On observing those not so ‘minute particulars’
This is from an article in Nature.
Under pressure to turn out productive lab members quickly, many PhD programmes in the biomedical sciences have shortened their courses, squeezing out opportunities for putting research into its wider context. Consequently, most PhD curricula are unlikely to nurture the big thinkers and creative problem-solvers that society needs.
That means students are taught every detail of a microbe’s life cycle but little about the life scientific. They need to be taught to recognize how errors can occur. Trainees should evaluate case studies derived from flawed real research, or use interdisciplinary detective games to find logical fallacies in the literature. Above all, students must be shown the scientific process as it is — with its limitations and potential pitfalls as well as its fun side, such as serendipitous discoveries and hilarious blunders.
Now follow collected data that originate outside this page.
(* Let $K=(K_{xy})$ be a real $n\times n$ matrix and define the matrix $\mathcal D=(d_{xy})$ by $$\mathcal D=\tfrac12\big(\operatorname{diag}(K)\cdot\mathbf 1^T+\mathbf 1\cdot\operatorname{diag}(K)^T\big)-K,$$ i.e. $d_{xy}=\tfrac12(K_{xx}+K_{yy})-K_{xy}$, where $\operatorname{diag}(K)$ is the column vector of diagonal entries of $K$ and $\mathbf 1=(1,\dots,1)^T$. If $\mathcal D$ has a negative entry, or if $\sqrt{d_{xy}}+\sqrt{d_{yz}}<\sqrt{d_{xz}}$ for some $x,y,z\in\{1,\dots,n\}$, then the function $\kappa(x,y)=K_{xy}$, $x,y\in\{1,\dots,n\}$, is not a proximity on $\{1,\dots,n\}$.
   Context: A proximity measure (proximity) on a set $A$ is a function $\kappa:A\times A\to\mathbb R$ satisfying the triangle inequality for proximities: for all $x,y,z\in A$, $\kappa(x,y)+\kappa(x,z)-\kappa(y,z)\le\kappa(x,x)$, and if $z=y$ and $y\neq x$ then this inequality is strict. *)

theory Defs
  imports "HOL-Analysis.Analysis"
begin

definition proximity :: "'a set \<Rightarrow> ('a \<Rightarrow> 'a \<Rightarrow> real) \<Rightarrow> bool" where
  "proximity A \<kappa> \<longleftrightarrow>
     (\<forall>x\<in>A. \<forall>y\<in>A. \<forall>z\<in>A. \<kappa> x y + \<kappa> x z - \<kappa> y z \<le> \<kappa> x x) \<and>
     (\<forall>x\<in>A. \<forall>y\<in>A. y \<noteq> x \<longrightarrow> \<kappa> x y + \<kappa> x y - \<kappa> y y < \<kappa> x x)"

definition dmat :: "real^'n^'n \<Rightarrow> real^'n^'n" where
  "dmat K = (\<chi> x y. (K$x$x + K$y$y) / 2 - K$x$y)"

end

theory Submission
  imports Defs
begin

text \<open>The triangle inequality for a proximity \<open>\<kappa>\<close> is exactly the ordinary triangle
inequality for \<open>d(x,y) = (\<kappa>(x,x) + \<kappa>(y,y))/2 - \<kappa>(x,y)\<close>; specialising it yields
\<open>d \<ge> 0\<close> and symmetry of \<open>d\<close>, so \<open>d\<close> is a semimetric, and then \<open>\<surd>d\<close> satisfies the
triangle inequality because \<open>\<surd>(a + b) \<le> \<surd>a + \<surd>b\<close>.\<close>

definition proximity_distance :: "('a \<Rightarrow> 'a \<Rightarrow> real) \<Rightarrow> 'a \<Rightarrow> 'a \<Rightarrow> real" where
  "proximity_distance \<kappa> x y = (\<kappa> x x + \<kappa> y y) / 2 - \<kappa> x y"

lemma proximity_distance_self [simp]: "proximity_distance \<kappa> x x = 0"
  by (simp add: proximity_distance_def)

lemma dmat_eq_proximity_distance:
  "dmat K $ x $ y = proximity_distance (\<lambda>x y. K $ x $ y) x y"
  by (simp add: dmat_def proximity_distance_def)

lemma proximity_distance_triangle:
  assumes "proximity A \<kappa>" and "x \<in> A" "y \<in> A" "z \<in> A"
  shows "proximity_distance \<kappa> y z \<le> proximity_distance \<kappa> x y + proximity_distance \<kappa> x z"
proof -
  have "\<kappa> x y + \<kappa> x z - \<kappa> y z \<le> \<kappa> x x"
    using assms unfolding proximity_def by blast
  then show ?thesis
    by (simp add: proximity_distance_def field_simps)
qed

lemma proximity_distance_nonneg:
  assumes "proximity A \<kappa>" and "x \<in> A" "y \<in> A"
  shows "0 \<le> proximity_distance \<kappa> x y"
  using proximity_distance_triangle [OF assms(1,2,3,3)] by simp

lemma proximity_distance_commute:
  assumes "proximity A \<kappa>" and "x \<in> A" "y \<in> A"
  shows "proximity_distance \<kappa> x y = proximity_distance \<kappa> y x"
  using proximity_distance_triangle [OF assms(1,3,2,3)]
    proximity_distance_triangle [OF assms(1,2,3,2)]
  by simp

lemma proximity_sqrt_distance_triangle:
  assumes "proximity A \<kappa>" and "x \<in> A" "y \<in> A" "z \<in> A"
  shows "sqrt (proximity_distance \<kappa> x z)
    \<le> sqrt (proximity_distance \<kappa> x y) + sqrt (proximity_distance \<kappa> y z)"
proof -
  let ?d = "proximity_distance \<kappa>"
  have "?d x z \<le> ?d x y + ?d y z"
    using proximity_distance_triangle [OF assms(1,3,2,4)]
      proximity_distance_commute [OF assms(1,2,3)] by simp
  then have "sqrt (?d x z) \<le> sqrt (?d x y + ?d y z)"
    by (rule real_sqrt_le_mono)
  also have "\<dots> \<le> sqrt (?d x y) + sqrt (?d y z)"
    using assms by (intro sqrt_add_le_add_sqrt proximity_distance_nonneg)
  finally show ?thesis .
qed

theorem corollary1:
  fixes K :: "real^'n^'n"
  assumes "(\<exists>x y. dmat K $ x $ y < 0) \<or>
           (\<exists>x y z. sqrt (dmat K $ x $ y) + sqrt (dmat K $ y $ z) < sqrt (dmat K $ x $ z))"
  shows "\<not> proximity UNIV (\<lambda>x y. K $ x $ y)"
proof
  assume prox: "proximity UNIV (\<lambda>x y. K $ x $ y)"
  have "0 \<le> dmat K $ x $ y" for x y
    using proximity_distance_nonneg [OF prox] by (simp add: dmat_eq_proximity_distance)
  moreover have "sqrt (dmat K $ x $ z) \<le> sqrt (dmat K $ x $ y) + sqrt (dmat K $ y $ z)" for x y z
    using proximity_sqrt_distance_triangle [OF prox] by (simp add: dmat_eq_proximity_distance)
  ultimately show False
    using assms by (meson not_less)
qed

end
And from a letter in response
My father designed stellar-inertial guidance systems for reconnaissance aircraft and, after he retired, would often present his work to physics and engineering students. When they asked him what they should study to prepare for such a career, he would reply: “Read the classics,” by which he meant Aristotle, Ralph Waldo Emerson, Jean-Jacques Rousseau and Blaise Pascal.
The best scientific and technical progress does not come out of a box. It is more likely to emerge from trying to fit wild, woolly and tangential ideas into useful societal and economic contexts.
As the historian Norman Davies once said:
“Since no one is judged competent to offer an opinion beyond their own particular mineshaft, beasts of prey have been left to prowl across the prairie unchecked.”
Or as the Economist once put it”
“…professors fixated on crawling alone the frontiers of knowledge with a magnifying glass.”
This is the tragedy of our age: 90% right and 100% wrong. And that is even before we get to medicine.